Mix the egg white with sugar and lemon juice until smooth and shiny. If the glaze is too thin, add a little sugar. If it is too thick, add a little lemon juice. Put the icing in a small, but firm plastic bag. Cut off one corner, making a tiny opening for the glaze. Pipe your design on the cookies by applying a steady pressure on the bag.
Let the icing dry completely before putting the cookies in an air-tight container and storing them in a cool room. The cookies can be made up to 4 weeks before Christmas.

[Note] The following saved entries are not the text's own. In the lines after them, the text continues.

text \<open>Part (b) does not need the hypothesis \<open>(\<alpha>0, s0) \<noteq> (0, 0)\<close>.\<close>

theorem mainTheorem2:
  shows "psi1 1 0 = 1
    \<and> (\<forall>\<delta>>0. psi2 1 0 \<delta> 0 = 0)
    \<and> (\<forall>\<delta>>2. \<exists>\<epsilon>1>0. \<exists>\<epsilon>2>0. \<forall>a0::real. \<forall>s0::real.
          1 - \<epsilon>1 < a0 \<and> a0 < 1 \<and> 0 < s0 \<and> s0 < \<epsilon>2 \<longrightarrow>
            ((\<lambda>t. fst (se \<delta> 0 (complex_of_real a0) s0 t)) \<longlonglongrightarrow> 1)
            \<and> ((\<lambda>t. snd (se \<delta> 0 (complex_of_real a0) s0 t)) \<longlonglongrightarrow> 0))
    \<and> (\<forall>\<delta>. 0 < \<delta> \<and> \<delta> < 2 \<longrightarrow> (\<forall>\<alpha>0::complex. \<forall>s0::real.
          0 \<le> s0 \<and> (\<alpha>0, s0) \<noteq> (0, 0)
          \<and> ((\<lambda>t. fst (se \<delta> 0 \<alpha>0 s0 t)) \<longlonglongrightarrow> 1)
          \<and> ((\<lambda>t. snd (se \<delta> 0 \<alpha>0 s0 t)) \<longlonglongrightarrow> 0)
          \<longrightarrow> \<alpha>0 = 1 \<and> s0 = 0))"
  using se_converges_for_large_delta se_converges_to_fixed_point_only_from_it
  by (simp add: psi1_zero_variance psi2_zero_variance) meson

end
lemma eigenvectors_sum_eq_0:
  fixes A :: "'k::field^'n^'n"
  assumes "finite \<Lambda>" and "\<And>\<mu>. \<mu> \<in> \<Lambda> \<Longrightarrow> w \<mu> \<in> eigenspace A \<mu>" and "(\<Sum>\<mu>\<in>\<Lambda>. w \<mu>) = 0"
  shows "\<forall>\<mu>\<in>\<Lambda>. w \<mu> = 0"
  using assms
proof (induction \<Lambda> arbitrary: w rule: finite_induct)
  case empty
  then show ?case by simp
next
  case (insert \<nu> \<Lambda>)
  let ?w' = "\<lambda>\<mu>. (\<mu> - \<nu>) *s w \<mu>"
  have "?w' \<mu> \<in> eigenspace A \<mu>" if "\<mu> \<in> \<Lambda>" for \<mu>
    using insert.prems(1) that by (intro vec.subspace_scale[OF subspace_eigenspace]) auto
  moreover have "(\<Sum>\<mu>\<in>insert \<nu> \<Lambda>. ?w' \<mu>) = A *v (\<Sum>\<mu>\<in>insert \<nu> \<Lambda>. w \<mu>) - \<nu> *s (\<Sum>\<mu>\<in>insert \<nu> \<Lambda>. w \<mu>)"
    using insert.prems(1)
    by (simp add: vec.sum vec.scale_sum_right sum_subtractf[symmetric] vector_sub_rdistrib)
  with insert.prems(2) insert.hyps have "(\<Sum>\<mu>\<in>\<Lambda>. ?w' \<mu>) = 0"
    by simp
  ultimately have "\<forall>\<mu>\<in>\<Lambda>. ?w' \<mu> = 0"
    by (rule insert.IH)
  with insert.hyps(2) have rest: "\<forall>\<mu>\<in>\<Lambda>. w \<mu> = 0"
    by (auto simp: vec.scale_eq_0_iff)
  with insert.prems(2) insert.hyps have "w \<nu> = 0"
    by simp
  with rest show ?case
    by simp
qed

14 comments for “Gingerbread cookies

  1. Green Peas
    22/12/2016 at 22:26

    I made these this week – amazing”

    • vera@gtc
      09/01/2017 at 12:25

      I am so glad to hear that!

  2. 09/03/2015 at 03:48

    Hello! I am making this recipe right now and I am curious, if the dough is meant to be a bit soft and sticky, or firm? Thank you! 🙂

    • vera@gtc
      09/03/2015 at 09:30

      Hi Tiffiny! The dough is fairly sticky, more than other doughs for roll-out cookies, because of the honey. Chilling helps to make the dough easier to work with. I hope your cookies turn out well!

  3. Christina
    29/12/2011 at 17:09

    They were better! The texture is almost perfect (given that they have only aged a few days, I say this now, but we will have to wait to see in a week or so.) I have not gotten the right spice mix or possibly quantity quite right yet, however. First, I will try increasing by 50% across the board and see what that does. I have spent quite a bit of time in the last few years recreating the recipes of both sides of my family and I am getting quite good at it now. Because recipes are such an important part of our… well… more than memory… almost our genetics, and so much of my family’s were lost, I determined that that will not happen with this generation. To that end, 4 of the youngest got 3 ring binders, personalized for them, to which I will add at least a few family recipes each holiday. I have encouraged other older family members to do the same, but only time will tell if they will participate. Thanks for the reminder, it made a lot of difference.

    • vera@gtc
      30/12/2011 at 17:54

      What a wonderful project! I am honoured to be able to make a small contribution to your quest for the authentic gingerbread cookies. I agree with your view on recipes and their role in family history. I have my grandmother’s cookbook and when I follow her hand-scribbeled notes, I feel connected to her again. She passed away almost 12 years ago and never got to know her great-grandchildren (I was pregnant with my first at the time of her death), but when I make her recipes (like the sweet Christmas bread) I hope to make her present in their lives a little…

  4. Christina
    26/12/2011 at 15:35

    Thanks so much for reminding me that gingerbread, even cookies, should have rye flour just like my Danish grandmother made! I will adapt my recipe and see if it tastes more correct with my childhood memories. I hope your holiday season continues to be wonderful, although, your thoughts will soon be turning to your allotment, I am sure (seed catalogs began arriving here almost a month ago!)

    • vera@gtc
      27/12/2011 at 09:11

      Let me know how the recipe compared to your memories! We are enjoying the holidays at my sister´s in the Czech republic, eating a lot of cookies and playing games with the kids. Sadly, no snow here. But my thoughts are indeeed turning to the next growing season already!

  5. 12/12/2011 at 12:59

    Hi Vera I made your cookies and they were reallyperfect and good, thankyou for such a excelent recipe it is a keeper. I have posted in my blog.

    • vera@gtc
      15/12/2011 at 10:42

      I’m glad the recipe worked for you!

  6. 07/12/2011 at 19:27

    They look absloutley beautiful, can I use full portion of normal flour insead of using half rey and half flour.
    We also just celebrated Sinterkalss feest, but as my daughter is bigger it is not same excitment. But i was planning to make gingerbread cookies for her to take with her to share with her friend and was looking for another recipe than my usual one.

    • vera@gtc
      07/12/2011 at 19:38

      You can use just normal flour, no problem. Good luck with the baking!